2-3 days per week I did Turkish GetUps with a 12kg or 16kg weight for 8-15 minutes. Being consistent in performing the getups, helped all aspects of my kettlebell technique from my Swings to Snatching to Cleans and Press. It is one of the best full body and movement exercises I have ever done. The benefits of this exercise are immeasurable…or rather very measurable to improving your overall functional movement, Period! The Getup is a MUST for life!!
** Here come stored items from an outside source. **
lemma similar_eq_iff:
  fixes S :: "'a::semiring_1^'m^'m" and R :: "'a^'n^'n" and X Y X' Y' :: "'a^'n^'m"
  assumes "invertible S" "invertible R" "X = S ** X' ** R" "Y = S ** Y' ** R"
  shows "X = Y \<longleftrightarrow> X' = Y'"
proof
  assume "X = Y"
  then have "matrix_inv S ** X ** matrix_inv R = matrix_inv S ** Y ** matrix_inv R"
    by simp
  with assms show "X' = Y'"
    by (simp add: matrix_inv_simps)
qed (use assms in simp)

lemma mem_tset_iff:
  assumes "invertible A" "invertible C"
  shows "G \<in> tset A B C S \<longleftrightarrow> C ** G ** A \<in> ginv S B"
proof
  assume "G \<in> tset A B C S"
  then obtain N where "N \<in> ginv S B" "G = matrix_inv C ** N ** matrix_inv A"
    by (auto simp: tset_def)
  moreover have "C ** (matrix_inv C ** N ** matrix_inv A) ** A = N"
    using assms by (simp add: matrix_inv_simps)
  ultimately show "C ** G ** A \<in> ginv S B"
    by simp
next
  assume "C ** G ** A \<in> ginv S B"
  moreover have "G = matrix_inv C ** (C ** G ** A) ** matrix_inv A"
    using assms by (simp add: matrix_inv_simps)
  ultimately show "G \<in> tset A B C S"
    unfolding tset_def by blast
qed

locale triple_product =
  fixes A :: "complex^'m^'m" and B :: "complex^'n^'m" and C :: "complex^'n^'n"
  assumes invertible_A: "invertible A" and invertible_C: "invertible C"
begin

definition M :: "complex^'n^'m" where "M = A ** B ** C"
definition P :: "complex^'m^'m" where "P = M ** mpinv M"
definition Q :: "complex^'n^'n" where "Q = mpinv M ** M"

definition P\<^sub>B :: "complex^'m^'m" where "P\<^sub>B = A ** (B ** mpinv B) ** matrix_inv A"
definition Q\<^sub>B :: "complex^'n^'n" where "Q\<^sub>B = matrix_inv C ** (mpinv B ** B) ** C"

abbreviation H :: "(complex^'m^'n) set" where "H \<equiv> ginv {1,3,4} M"
abbreviation T :: "nat set \<Rightarrow> (complex^'m^'n) set" where "T S \<equiv> tset A B C S"

lemmas inv_simps =
  invertible_A invertible_C invertible_matrix_inv[OF invertible_A]
  invertible_matrix_inv[OF invertible_C] matrix_inv_simps

lemma mem_T:
  assumes "1 \<in> S"
  shows "G \<in> T S \<longleftrightarrow> M ** G ** M = M \<and> (2 \<in> S \<longrightarrow> G ** M ** G = G)
           \<and> (3 \<in> S \<longrightarrow> M ** G = P\<^sub>B) \<and> (4 \<in> S \<longrightarrow> G ** M = Q\<^sub>B)"
proof -
  let ?N = "C ** G ** A"
  have "B ** ?N ** B = B \<longleftrightarrow> M ** G ** M = M"
    by (rule similar_eq_iff[of "matrix_inv A" "matrix_inv C"]) (simp_all add: M_def inv_simps)
  moreover have "?N ** B ** ?N = ?N \<longleftrightarrow> G ** M ** G = G"
    by (rule similar_eq_iff[of C A]) (simp_all add: M_def inv_simps)
  moreover have "B ** ?N = B ** mpinv B \<longleftrightarrow> M ** G = P\<^sub>B"
    by (rule similar_eq_iff[of "matrix_inv A" A]) (simp_all add: M_def P\<^sub>B_def inv_simps)
  moreover have "?N ** B = mpinv B ** B \<longleftrightarrow> G ** M = Q\<^sub>B"
    by (rule similar_eq_iff[of C "matrix_inv C"]) (simp_all add: M_def Q\<^sub>B_def inv_simps)
  ultimately show ?thesis
    by (simp add: mem_tset_iff[OF invertible_A invertible_C] mem_ginv_iff[OF assms])
qed

lemma mem_H: "G \<in> H \<longleftrightarrow> M ** G = P \<and> G ** M = Q"
  unfolding P_def Q_def by (rule ginv_134_iff)

lemma P_mult_M: "P ** M = M"
  and M_mult_Q: "M ** Q = M"
  and mpinv_mult_P: "mpinv M ** P = mpinv M"
  and Q_mult_mpinv: "Q ** mpinv M = mpinv M"
  by (simp_all add: P_def Q_def matrix_mul_assoc mpinv_penrose(1,2))

lemma mpinv_in_H: "mpinv M \<in> H"
  unfolding mem_H by (simp add: P_def Q_def)

lemma mpinv_in_T_iff:
  assumes "1 \<in> S"
  shows "mpinv M \<in> T S \<longleftrightarrow> (3 \<in> S \<longrightarrow> P\<^sub>B = P) \<and> (4 \<in> S \<longrightarrow> Q\<^sub>B = Q)"
  using assms by (auto simp: mem_T mpinv_penrose(1,2) P_def Q_def)

lemma reverse_order_mpinv_in_T: "matrix_inv C ** mpinv B ** matrix_inv A \<in> T S"
proof -
  have "mpinv B \<in> ginv S B"
    using mpinv_penrose[of B] by (simp add: ginv_def)
  then show ?thesis
    unfolding tset_def by blast
qed

lemma reverse_order_mpinv_props:
  "M ** (matrix_inv C ** mpinv B ** matrix_inv A) ** M = M"
  "M ** (matrix_inv C ** mpinv B ** matrix_inv A) = P\<^sub>B"
  "matrix_inv C ** mpinv B ** matrix_inv A ** M = Q\<^sub>B"
  using reverse_order_mpinv_in_T[of "{1,3,4}"] mem_T[of "{1,3,4}"] by blast+

lemma mult_P_if_ginv_1: "M ** G ** M = M \<Longrightarrow> M ** G ** P = P"
  by (simp add: P_def matrix_mul_assoc)

lemma Q_mult_if_ginv_1: "M ** G ** M = M \<Longrightarrow> Q ** (G ** M) = Q"
  by (simp add: Q_def matrix_mul_assoc[symmetric])

lemma M_eq_0_iff: "M = 0 \<longleftrightarrow> B = 0"
  by (rule similar_eq_iff[of A C]) (simp_all add: M_def invertible_A invertible_C)

lemma P_eq_1_iff: "P = mat 1 \<longleftrightarrow> rank B = CARD('m)"
proof -
  have "(\<exists>R. M ** R = mat 1) \<longleftrightarrow> (\<exists>R. B ** R = mat 1)"
  proof
    assume "\<exists>R. M ** R = mat 1"
    then obtain R where "M ** R = mat 1" ..
    have "B ** (C ** R ** A) = matrix_inv A ** (M ** R) ** A"
      by (simp add: M_def inv_simps)
    also have "\<dots> = mat 1"
      using \<open>M ** R = mat 1\<close> by (simp add: inv_simps)
    finally show "\<exists>R. B ** R = mat 1" ..
  next
    assume "\<exists>R. B ** R = mat 1"
    then obtain R where "B ** R = mat 1" ..
    have "M ** (matrix_inv C ** R ** matrix_inv A) = A ** (B ** R) ** matrix_inv A"
      by (simp add: M_def inv_simps)
    also have "\<dots> = mat 1"
      using \<open>B ** R = mat 1\<close> by (simp add: inv_simps)
    finally show "\<exists>R. M ** R = mat 1" ..
  qed
  then show ?thesis
    by (simp add: P_def mpinv_right_inverse_iff rank_eq_card_rows_iff)
qed

lemma Q_eq_1_iff: "Q = mat 1 \<longleftrightarrow> rank B = CARD('n)"
proof -
  have "(\<exists>L. L ** M = mat 1) \<longleftrightarrow> (\<exists>L. L ** B = mat 1)"
  proof
    assume "\<exists>L. L ** M = mat 1"
    then obtain L where "L ** M = mat 1" ..
    have "C ** L ** A ** B = C ** (L ** M) ** matrix_inv C"
      by (simp add: M_def inv_simps)
    also have "\<dots> = mat 1"
      using \<open>L ** M = mat 1\<close> by (simp add: inv_simps)
    finally show "\<exists>L. L ** B = mat 1" ..
  next
    assume "\<exists>L. L ** B = mat 1"
    then obtain L where "L ** B = mat 1" ..
    have "matrix_inv C ** L ** matrix_inv A ** M = matrix_inv C ** (L ** B) ** C"
      by (simp add: M_def inv_simps)
    also have "\<dots> = mat 1"
      using \<open>L ** B = mat 1\<close> by (simp add: inv_simps)
    finally show "\<exists>L. L ** M = mat 1" ..
  qed
  then show ?thesis
    by (simp add: Q_def mpinv_left_inverse_iff rank_eq_card_cols_iff)
qed

lemma PB_eq_P_iff_hermitian: "P\<^sub>B = P \<longleftrightarrow> adj P\<^sub>B = P\<^sub>B"
proof -
  let ?G = "matrix_inv C ** mpinv B ** matrix_inv A"
  note G = reverse_order_mpinv_props(1,2)
  have "P\<^sub>B = P \<longleftrightarrow> ?G \<in> ginv {1,3} M"
    using G(2) ginv_13_iff[of ?G M] by (simp add: P_def)
  also have "\<dots> \<longleftrightarrow> adj P\<^sub>B = P\<^sub>B"
    using G by (simp add: ginv_def)
  finally show ?thesis .
qed

lemma QB_eq_Q_iff_hermitian: "Q\<^sub>B = Q \<longleftrightarrow> adj Q\<^sub>B = Q\<^sub>B"
proof -
  let ?G = "matrix_inv C ** mpinv B ** matrix_inv A"
  note G = reverse_order_mpinv_props(1,3)
  have "Q\<^sub>B = Q \<longleftrightarrow> ?G \<in> ginv {1,4} M"
    using G(2) ginv_14_iff[of ?G M] by (simp add: Q_def)
  also have "\<dots> \<longleftrightarrow> adj Q\<^sub>B = Q\<^sub>B"
    using G by (simp add: ginv_def)
  finally show ?thesis .
qed

lemma adj_inverse_simps:
  "adj A ** adj (matrix_inv A) = mat 1" "adj (matrix_inv A) ** adj A = mat 1"
  "adj C ** adj (matrix_inv C) = mat 1" "adj (matrix_inv C) ** adj C = mat 1"
  "Z ** adj A ** adj (matrix_inv A) = Z" "Z ** adj (matrix_inv A) ** adj A = Z"
  "Z' ** adj C ** adj (matrix_inv C) = Z'" "Z' ** adj (matrix_inv C) ** adj C = Z'"
  using invertible_A invertible_C
  by (simp_all add: matrix_inv_left matrix_inv_right flip: adj_mult matrix_mul_assoc)

lemma PB_eq_P_iff: "P\<^sub>B = P \<longleftrightarrow> colspace (adj A ** A ** B) = colspace B"
proof -
  have "P\<^sub>B = P \<longleftrightarrow> adj A ** A ** (B ** mpinv B) = B ** mpinv B ** (adj A ** A)"
    unfolding PB_eq_P_iff_hermitian unfolding P\<^sub>B_def
    by (rule adj_similar_eq_iff_commute) (simp_all add: inv_simps mpinv_penrose(3))
  also have "\<dots> \<longleftrightarrow> colspace (adj A ** A ** B) = colspace B"
    by (rule commute_mpinv_proj_iff_colspace[where Ki = "matrix_inv A ** adj (matrix_inv A)"])
      (simp_all add: adj_mult inv_simps adj_inverse_simps)
  finally show ?thesis .
qed

lemma QB_eq_Q_iff: "Q\<^sub>B = Q \<longleftrightarrow> colspace (C ** adj C ** adj B) = colspace (adj B)"
proof -
  have F: "mpinv B ** B = adj B ** mpinv (adj B)"
    by (simp add: mpinv_adj mpinv_penrose(4) flip: adj_mult)
  have "Q\<^sub>B = Q \<longleftrightarrow>
      adj (matrix_inv C) ** matrix_inv C ** (mpinv B ** B)
        = mpinv B ** B ** (adj (matrix_inv C) ** matrix_inv C)"
    unfolding QB_eq_Q_iff_hermitian unfolding Q\<^sub>B_def
    by (rule adj_similar_eq_iff_commute) (simp_all add: inv_simps mpinv_penrose(4))
  also have "\<dots> \<longleftrightarrow> C ** adj C ** (mpinv B ** B) = mpinv B ** B ** (C ** adj C)"
    by (rule commute_inverse_iff[symmetric])
      (simp_all add: adj_mult inv_simps adj_inverse_simps)
  also have "\<dots> \<longleftrightarrow> colspace (C ** adj C ** adj B) = colspace (adj B)"
    unfolding F
    by (rule commute_mpinv_proj_iff_colspace[where Ki = "adj (matrix_inv C) ** matrix_inv C"])
      (simp_all add: adj_mult inv_simps adj_inverse_simps)
  finally show ?thesis .
qed

lemma M_mult_complement_Q: "M ** (mat 1 - Q) = 0"
  and complement_P_mult_M: "(mat 1 - P) ** M = 0"
  and P_idem: "P ** P = P"
  and Q_idem: "Q ** Q = Q"
  by (simp_all add: matrix_diff_ldistrib matrix_diff_rdistrib M_mult_Q P_mult_M)
    (simp_all add: P_def Q_def matrix_mul_assoc mpinv_penrose(1,2))

lemma left_perturbation:
  fixes W :: "complex^'m^'n"
  defines "G \<equiv> mpinv M + (mat 1 - Q) ** W ** P"
  shows "M ** G = P" "G ** M = Q + (mat 1 - Q) ** W ** M" "M ** G ** M = M" "G ** M ** G = G"
proof -
  show MG: "M ** G = P"
    by (simp add: G_def matrix_add_ldistrib matrix_mul_assoc M_mult_complement_Q P_def)
  then show "M ** G ** M = M"
    by (simp add: P_mult_M)
  show "G ** M = Q + (mat 1 - Q) ** W ** M"
    by (simp add: G_def matrix_add_rdistrib P_mult_M Q_def flip: matrix_mul_assoc)
  have "G ** M ** G = G ** P"
    by (simp add: MG flip: matrix_mul_assoc)
  also have "\<dots> = G"
    by (simp add: G_def matrix_add_rdistrib mpinv_mult_P P_idem flip: matrix_mul_assoc)
  finally show "G ** M ** G = G" .
qed

lemma right_perturbation:
  fixes W :: "complex^'m^'n"
  defines "G \<equiv> mpinv M + Q ** W ** (mat 1 - P)"
  shows "G ** M = Q" "M ** G = P + M ** W ** (mat 1 - P)" "M ** G ** M = M" "G ** M ** G = G"
proof -
  show GM: "G ** M = Q"
    by (simp add: G_def matrix_add_rdistrib complement_P_mult_M Q_def flip: matrix_mul_assoc)
  then show "M ** G ** M = M"
    by (simp add: M_mult_Q flip: matrix_mul_assoc)
  show "M ** G = P + M ** W ** (mat 1 - P)"
    by (simp add: G_def matrix_add_ldistrib matrix_mul_assoc M_mult_Q P_def)
  have "G ** M ** G = Q ** G"
    by (simp add: GM)
  also have "\<dots> = G"
    by (simp add: G_def matrix_add_ldistrib Q_mult_mpinv matrix_mul_assoc Q_idem)
  finally show "G ** M ** G = G" .
qed

lemma two_sided_perturbation_in_H: "mpinv M + (mat 1 - Q) ** W ** (mat 1 - P) \<in> H"
proof -
  have "M ** ((mat 1 - Q) ** W ** (mat 1 - P)) = 0"
    by (simp add: matrix_mul_assoc M_mult_complement_Q)
  moreover have "(mat 1 - Q) ** W ** (mat 1 - P) ** M = 0"
    by (simp add: complement_P_mult_M flip: matrix_mul_assoc)
  ultimately show ?thesis
    unfolding mem_H by (simp add: matrix_add_ldistrib matrix_add_rdistrib P_def Q_def)
qed

lemma ginv_134_mult_M_mult:
  assumes "G \<in> H"
  shows "G ** M ** G = mpinv M"
proof -
  have MG: "M ** G = P" and GM: "G ** M = Q"
    using assms unfolding mem_H by auto
  have "G ** M ** G = G ** M ** mpinv M"
    by (simp add: MG P_def flip: matrix_mul_assoc)
  then show ?thesis
    by (simp add: GM Q_mult_mpinv)
qed

lemma Q_eq_1_if_left_perturbations_in_H:
  assumes "M \<noteq> 0" "\<And>W. mpinv M + (mat 1 - Q) ** W ** P \<in> H"
  shows "Q = mat 1"
proof -
  have "(mat 1 - Q) ** W ** M = 0" for W
    using assms(2)[of W] left_perturbation(2)[of W] unfolding mem_H by simp
  then have "mat 1 - Q = 0 \<or> M = 0"
    by (rule all_products_eq_0)
  with assms(1) show ?thesis
    by simp
qed

lemma P_eq_1_if_right_perturbations_in_H:
  assumes "M \<noteq> 0" "\<And>W. mpinv M + Q ** W ** (mat 1 - P) \<in> H"
  shows "P = mat 1"
proof -
  have "M ** W ** (mat 1 - P) = 0" for W
    using assms(2)[of W] right_perturbation(2)[of W] unfolding mem_H by simp
  then have "M = 0 \<or> mat 1 - P = 0"
    by (rule all_products_eq_0)
  with assms(1) show ?thesis
    by simp
qed

lemma left_perturbation_in_T:
  assumes "1 \<in> S" "4 \<notin> S" "3 \<in> S \<longrightarrow> P\<^sub>B = P"
  shows "mpinv M + (mat 1 - Q) ** W ** P \<in> T S"
  unfolding mem_T[OF assms(1)] using assms(2,3) left_perturbation(1,3,4)[of W] by auto

lemma right_perturbation_in_T:
  assumes "1 \<in> S" "3 \<notin> S" "4 \<in> S \<longrightarrow> Q\<^sub>B = Q"
  shows "mpinv M + Q ** W ** (mat 1 - P) \<in> T S"
  unfolding mem_T[OF assms(1)] using assms(2,3) right_perturbation(1,3,4)[of W] by auto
    Cleans and Presses are not my favorite nor my strongest exercise. After attending RKC, I now understand why and how to improve my Clean & Press. For now, I will stick to how I incorporated these into my training for RKC. At RKC you are tested on the Double Military Press. I had practiced with both 12kg bells and 16kg bells in performing the clean and the press. As a wise instructor (my RKC, hubby) once told me, your press is only as good as your clean. I will let you in on a secret I learned at the RKC that brought meaning to the statement “your press is only as good as your clean”. You see its all about the tension and what is called breathing behind the shield. When you remain tense and use correct breathing techniques, keeping a strong core and lots of tension at the top of the clean, this tension translates into strength to press the bells. Easier said than done….. practice and repeat, practice and repeat, practice and repeat = reaching your goals. I incorporated clean & press into my workout in a variety of ways. I performed VO2 drills with Viking push presses, very light weight here!! Mostly I did press ladders, following the Rite of Passage from Enter the Kettlebell. I started with 1-3 ladders for 3 rounds with the 12kg one arm clean and press, working up to 1-5 ladders of 5 rounds. Once I reached this goal, I increased my bell to 16kg on the one arm clean and press for 1-3 and then up to 1-5 for 5 rounds, then I repeated the same progression with double 12kg. I am still working on the double 16kg for a full 1-5 ladder of 5 rounds. Back to more get-ups to help out with my clean and press, I am working on multiple get-ups with the 20kg to help me master double 16kg 1-5 press ladders.


      This was probably my least favorite exercise of them all — NOW it is one of my favorites!!! In learning how to perform the ATG (ass to grass) with proper form, I know I will get maximum results and that feels GOOD!
      Squats were also a part of my training each week. Some weeks I had days that consisted solely of squatting drills with and without kettlebells. No light weights for me here, I used 16kg or 20kg for goblet squats and when practicing Front Squats, I used 12kg or 16kg depending on the number of reps. 3-5 reps I would use 16kg, more than 5 reps, I would use doube 12kg.

      What I think most prepared me for RKC was the conditioning of ALWAYS lifting the heaviest weight I could while maintaining proper form. To recap by the end of my training I was able to perform with good technique Swings with 24kg, Snatching with 16kg, get up with 16kg, Goblet Squat with 20kg, front squat 16kg. 160 sntaches in 10 minutes, and VO2 with 16kg for 20 sets. Maybe I over prepared compared to others, but not only did I get the desired outcome of now being a RKC, but I am ready for my next challenge… I come RKC II 2010.